The true value of music lies in the musicians ability to attract, entertain
and inspire an audience. Musicians are members of a local community who do best
when they remain local, enjoy local celebrity and assume positive, if not
exemplary roles. They contribute to the common good. Music education for
children has benefits in many directions and music literate teachers are
valuable in schools and as private educators in the community. If you assume,
as I do, that everyone should play and enjoy music – if only to clap your hands
and sing a tune- then musicians are always needed to promote musical
expressions. In my town, there are many musicians who are constantly at play.
Some entertain, teach and participate in a variety of musical groups. Some earn
a modest living but all enjoy their expression of music. Many amateur groups
practice and perform without pay just for the pleasure of making music.
Sometimes, young aspiring musicians are lured by the example of distant
celebrities and try in vain to become great singers or great bands. In my view,
the wish for celebrity can be self-defeating, a bad idea. Occasionally, a local
celebrity through much practice and dedication to the art of music will become
known outside the local community and one may even become rich and famous. It is
something like the lottery – its fun to fantasize what you could do if your won,
but the odds are 1 in 14 million, so don't hold your breath.

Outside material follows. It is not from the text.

(* Let $(X,d,f)$ be a dynamical system and $\mathcal{A}=\{\mathcal{U}_n\}_{n\in\mathbb{N}}$ a complete defining sequence of $(X,d)$. (i) $(X,d,f)$ is topologically conjugate to the inverse limit of $(\hookrightarrow,(\mathcal{O}(\mathcal{U}_n),\sigma_n))$ equipped with the map $\sigma^*=(\sigma_n)^*$. (ii) If in addition $\mathcal{A}$ is tame and $f$ is uniformly continuous, then the conjugacy can be made uniform (the conjugating homeomorphism and its inverse are uniformly continuous).
   Context: Spaces are nonempty separable metrizable; a dynamical system $(X,d,f)$ has admissible metric $d$ and continuous $f$. A partition is a cover by pairwise disjoint nonempty clopen sets. A defining sequence is a sequence $\{\mathcal{U}_n\}$ of partitions, each refining the previous, whose union is a basis; complete if nested sequences $U_n\in\mathcal{U}_n$ have nonempty intersection; tame if $\sup\{\operatorname{diam}O:O\in\mathcal{U}_n\}\to0$ and each $\mathcal{U}_n$ is $\rho_n$-separated for some $\rho_n>0$. For a partition $\mathcal{U}$ (discrete metric), $\mathcal{O}(\mathcal{U})=\{(O_i)_{i\in\mathbb{N}}\in\mathcal{U}^{\mathbb{N}}: \forall k\ \exists x\in X \text{ with } f^i(x)\in O_i \text{ for } 0\le i\le k\}$, a shift space over the alphabet $\mathcal{U}$ with shift map $\sigma_n$ and metric $1/(i+1)$ ($i$ least index of disagreement). The bonding map $\hookrightarrow:\mathcal{O}(\mathcal{U}_{n+1})\to\mathcal{O}(\mathcal{U}_n)$ sends $(O_i)$ to the unique $(V_i)\in\mathcal{U}_n^{\mathbb{N}}$ with $O_i\subseteq V_i$. The inverse limit is $\{(y_n)\in\prod_n\mathcal{O}(\mathcal{U}_n): y_n=\hookrightarrow(y_{n+1})\}$ with metric $d_\Pi((y_n),(z_n))=\max_n d(y_n,z_n)/(n+1)$, and $\sigma^*$ is the restriction of $\prod_n\sigma_n$. *)

theory Defs
  imports "HOL-Analysis.Analysis"
begin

I tell the fame-seekers that commercial success is a product manufactured by
groups of business people. It is an industrial activity that turns a very small
number of specially compliant musicians and a few formula-produced songs into
products that will be mass-marketed and bought by millions of highly
programmed people. If you have a touch of artistic integrity or a taste of
personal freedom, you should probably stay far away.
Celebrity
Famous people have always fascinated inspired and led ordinary people. Fame
has always been achieved through stories, publicity and public spectacles. For
the long stretch of human history rulers, military leaders, and priests with
high status were the main celebrities. Gods and goddesses were made celebrities
by rulers and priests in the same way that actors became celebrities with the
sponsorship of wealthy movie studios.
In the 20th century, the expansion of media created in both local and
worldwide networks a more profuse and complicated world of celebrities. With the
ascent of popular music, radio, television and movies, one path to riches and
fame was popular music. By giving public performances, selling recordings and
appearing often in the media, a few popular singers became stars, even
with mediocre musical ability. If you look closely at 21st century celebrities,
you find mostly attractive, photogenic people whose faces are recognized by a
large audience. Photographs of celebrity faces became commodities purchased by a
receptive marketplace. Celebrity faces appear everywhere. Facial recognition is
an important determinant of human behavior. A familiar face becomes a friend; a
friend becomes family or even a lover. Fantasies of sharing wealth and fame
develop around the familial face. Some idolize and worship a familiar, celebrity
face.
Page wrote: “Celebrities are fascinating because they live in a parallel
universe—one that looks and feels just like ours yet is light-years beyond our
reach. Stars live in another world entirely, one that makes our lives seem
woefully dull by comparison. It’s easy to blame the media for this cognitive
whiplash. But the real celebrity spinmeister is our own mind, which tricks us
into believing the stars are our lovers and our social intimates. Celebrity
culture plays to all of our innate tendencies: We’re built to view anyone we
recognize as an acquaintance ripe for gossip or for romance. Since catching
sight of a beautiful face bathes the brain in pleasing chemicals, George
Clooney’s killer smile is impossible to ignore. Stars summon our most human
yearnings: to love, admire, copy and, of course, to gossip and to jeer. It’s
only natural that we get pulled into their gravitational field. John Lennon
infuriated the faithful when he said the Beatles were more popular than Jesus,
but he wasn’t the first to suggest that celebrity culture was taking the place
of religion. With its myths, its rituals and its ability to immortalize, it
fills a similar cultural niche. In a secular society our need for ritualized
idol worship can be displaced onto stars. Horan speculates that celebrity fills
some of the same roles the church fills for believers; the desire to admire the
powerful and the drive to fit into a community of people with shared values.”